What to do: In the records below, some lines contain the word "coefficient". Copy each of them.

Supplied material:
------------------------------------

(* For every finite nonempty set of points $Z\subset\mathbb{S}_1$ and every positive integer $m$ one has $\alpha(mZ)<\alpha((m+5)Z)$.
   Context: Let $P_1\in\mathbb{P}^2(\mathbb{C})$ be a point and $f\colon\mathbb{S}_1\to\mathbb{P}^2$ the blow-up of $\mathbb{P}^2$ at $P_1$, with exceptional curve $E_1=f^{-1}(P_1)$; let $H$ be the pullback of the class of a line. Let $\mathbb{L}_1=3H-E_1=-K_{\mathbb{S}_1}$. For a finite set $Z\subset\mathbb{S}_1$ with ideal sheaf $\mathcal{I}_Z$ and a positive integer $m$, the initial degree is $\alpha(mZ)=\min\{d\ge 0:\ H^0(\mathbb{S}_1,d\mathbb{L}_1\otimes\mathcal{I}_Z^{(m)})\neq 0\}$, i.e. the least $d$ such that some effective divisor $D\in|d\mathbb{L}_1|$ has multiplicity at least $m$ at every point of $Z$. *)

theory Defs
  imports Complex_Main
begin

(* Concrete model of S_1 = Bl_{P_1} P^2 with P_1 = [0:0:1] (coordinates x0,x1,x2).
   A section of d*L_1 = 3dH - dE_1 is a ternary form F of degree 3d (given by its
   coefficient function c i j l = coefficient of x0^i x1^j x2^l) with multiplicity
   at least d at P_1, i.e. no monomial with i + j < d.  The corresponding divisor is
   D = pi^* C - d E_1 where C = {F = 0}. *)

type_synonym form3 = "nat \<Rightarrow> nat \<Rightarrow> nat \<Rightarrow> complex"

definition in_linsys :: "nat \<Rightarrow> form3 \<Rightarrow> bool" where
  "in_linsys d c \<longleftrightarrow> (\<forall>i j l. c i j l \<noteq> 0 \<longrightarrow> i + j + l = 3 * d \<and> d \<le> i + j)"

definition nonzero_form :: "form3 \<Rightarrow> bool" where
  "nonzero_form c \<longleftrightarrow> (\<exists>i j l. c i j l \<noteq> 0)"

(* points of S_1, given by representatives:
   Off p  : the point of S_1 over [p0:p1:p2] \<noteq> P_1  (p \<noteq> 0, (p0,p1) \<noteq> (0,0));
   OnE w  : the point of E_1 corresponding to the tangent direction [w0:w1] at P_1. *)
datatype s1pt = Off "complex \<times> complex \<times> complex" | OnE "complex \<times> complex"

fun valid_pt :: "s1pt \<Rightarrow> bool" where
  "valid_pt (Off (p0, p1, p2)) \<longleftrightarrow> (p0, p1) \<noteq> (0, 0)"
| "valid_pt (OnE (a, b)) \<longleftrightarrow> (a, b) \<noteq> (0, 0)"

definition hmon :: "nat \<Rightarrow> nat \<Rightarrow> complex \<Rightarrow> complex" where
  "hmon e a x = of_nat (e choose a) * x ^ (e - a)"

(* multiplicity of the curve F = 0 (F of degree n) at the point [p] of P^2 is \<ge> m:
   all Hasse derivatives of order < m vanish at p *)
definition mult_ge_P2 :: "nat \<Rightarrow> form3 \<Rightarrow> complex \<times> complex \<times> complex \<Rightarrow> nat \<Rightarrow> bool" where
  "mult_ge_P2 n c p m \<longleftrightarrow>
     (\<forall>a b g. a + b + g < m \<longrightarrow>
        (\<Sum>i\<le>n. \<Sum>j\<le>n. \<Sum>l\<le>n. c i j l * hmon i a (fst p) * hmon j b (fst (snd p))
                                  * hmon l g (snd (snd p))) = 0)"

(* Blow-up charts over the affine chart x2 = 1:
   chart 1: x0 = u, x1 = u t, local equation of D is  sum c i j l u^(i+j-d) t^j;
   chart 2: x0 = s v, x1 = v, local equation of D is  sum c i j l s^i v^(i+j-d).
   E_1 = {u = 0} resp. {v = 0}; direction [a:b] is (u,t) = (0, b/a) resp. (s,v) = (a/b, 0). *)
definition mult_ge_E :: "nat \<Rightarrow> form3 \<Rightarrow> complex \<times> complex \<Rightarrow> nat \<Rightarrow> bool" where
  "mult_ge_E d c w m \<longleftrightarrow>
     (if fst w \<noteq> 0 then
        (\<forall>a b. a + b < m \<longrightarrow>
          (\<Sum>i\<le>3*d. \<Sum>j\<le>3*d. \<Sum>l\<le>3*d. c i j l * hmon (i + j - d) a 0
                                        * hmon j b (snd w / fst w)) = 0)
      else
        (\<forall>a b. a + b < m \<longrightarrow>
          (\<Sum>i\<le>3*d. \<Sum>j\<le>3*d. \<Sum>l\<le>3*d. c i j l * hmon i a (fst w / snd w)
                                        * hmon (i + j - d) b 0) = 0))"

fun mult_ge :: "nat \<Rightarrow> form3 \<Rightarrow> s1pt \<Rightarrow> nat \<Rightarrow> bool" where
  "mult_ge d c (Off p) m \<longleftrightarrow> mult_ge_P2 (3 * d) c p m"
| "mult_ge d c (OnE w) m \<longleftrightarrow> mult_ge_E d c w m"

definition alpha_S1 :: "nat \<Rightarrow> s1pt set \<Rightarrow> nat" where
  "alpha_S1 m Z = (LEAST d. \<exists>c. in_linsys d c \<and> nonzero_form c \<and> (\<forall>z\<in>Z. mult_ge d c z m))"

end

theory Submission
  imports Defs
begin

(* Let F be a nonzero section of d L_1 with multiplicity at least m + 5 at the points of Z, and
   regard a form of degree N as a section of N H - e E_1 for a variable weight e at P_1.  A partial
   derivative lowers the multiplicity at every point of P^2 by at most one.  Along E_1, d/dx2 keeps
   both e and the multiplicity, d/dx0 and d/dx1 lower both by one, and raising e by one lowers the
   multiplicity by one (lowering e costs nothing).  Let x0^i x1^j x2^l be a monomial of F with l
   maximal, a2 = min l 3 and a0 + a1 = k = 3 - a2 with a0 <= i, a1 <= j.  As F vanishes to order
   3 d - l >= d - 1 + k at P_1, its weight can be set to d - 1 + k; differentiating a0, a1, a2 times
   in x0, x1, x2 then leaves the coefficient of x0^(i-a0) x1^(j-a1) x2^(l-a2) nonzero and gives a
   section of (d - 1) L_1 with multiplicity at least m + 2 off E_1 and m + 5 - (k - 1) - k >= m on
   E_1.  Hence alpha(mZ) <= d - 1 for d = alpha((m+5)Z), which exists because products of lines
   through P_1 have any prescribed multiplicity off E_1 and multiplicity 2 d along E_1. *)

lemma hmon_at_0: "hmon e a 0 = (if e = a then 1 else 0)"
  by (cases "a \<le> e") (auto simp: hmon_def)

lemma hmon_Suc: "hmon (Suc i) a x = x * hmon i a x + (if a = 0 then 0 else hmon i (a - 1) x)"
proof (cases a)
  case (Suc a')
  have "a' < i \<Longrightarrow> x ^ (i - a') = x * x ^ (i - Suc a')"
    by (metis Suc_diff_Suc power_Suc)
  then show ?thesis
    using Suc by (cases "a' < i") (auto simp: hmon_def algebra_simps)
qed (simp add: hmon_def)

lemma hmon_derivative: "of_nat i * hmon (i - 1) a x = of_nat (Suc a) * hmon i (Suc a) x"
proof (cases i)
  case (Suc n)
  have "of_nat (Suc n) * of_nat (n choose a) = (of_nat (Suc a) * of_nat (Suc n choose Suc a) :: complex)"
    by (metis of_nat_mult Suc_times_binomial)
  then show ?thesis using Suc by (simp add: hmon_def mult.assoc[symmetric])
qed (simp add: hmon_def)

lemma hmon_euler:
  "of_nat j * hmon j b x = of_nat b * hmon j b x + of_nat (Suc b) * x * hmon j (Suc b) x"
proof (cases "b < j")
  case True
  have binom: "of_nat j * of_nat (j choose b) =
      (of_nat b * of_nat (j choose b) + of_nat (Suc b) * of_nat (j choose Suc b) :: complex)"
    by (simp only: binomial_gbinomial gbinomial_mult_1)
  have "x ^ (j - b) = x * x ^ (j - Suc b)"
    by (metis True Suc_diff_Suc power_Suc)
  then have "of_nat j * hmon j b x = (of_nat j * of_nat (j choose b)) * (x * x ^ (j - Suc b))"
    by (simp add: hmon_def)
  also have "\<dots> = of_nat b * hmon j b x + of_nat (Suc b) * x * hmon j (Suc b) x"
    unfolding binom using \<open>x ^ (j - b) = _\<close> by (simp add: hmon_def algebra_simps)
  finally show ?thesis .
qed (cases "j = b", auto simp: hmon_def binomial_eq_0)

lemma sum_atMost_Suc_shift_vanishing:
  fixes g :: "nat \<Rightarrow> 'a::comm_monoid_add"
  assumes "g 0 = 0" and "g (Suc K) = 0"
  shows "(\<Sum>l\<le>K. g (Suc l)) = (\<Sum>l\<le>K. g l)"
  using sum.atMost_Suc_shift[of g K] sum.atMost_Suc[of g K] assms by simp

------------------------------------

Reply to the task:
   coefficient function c i j l = coefficient of x0^i x1^j x2^l) with multiplicity
   in x0, x1, x2 then leaves the coefficient of x0^(i-a0) x1^(j-a1) x2^(l-a2) nonzero and gives a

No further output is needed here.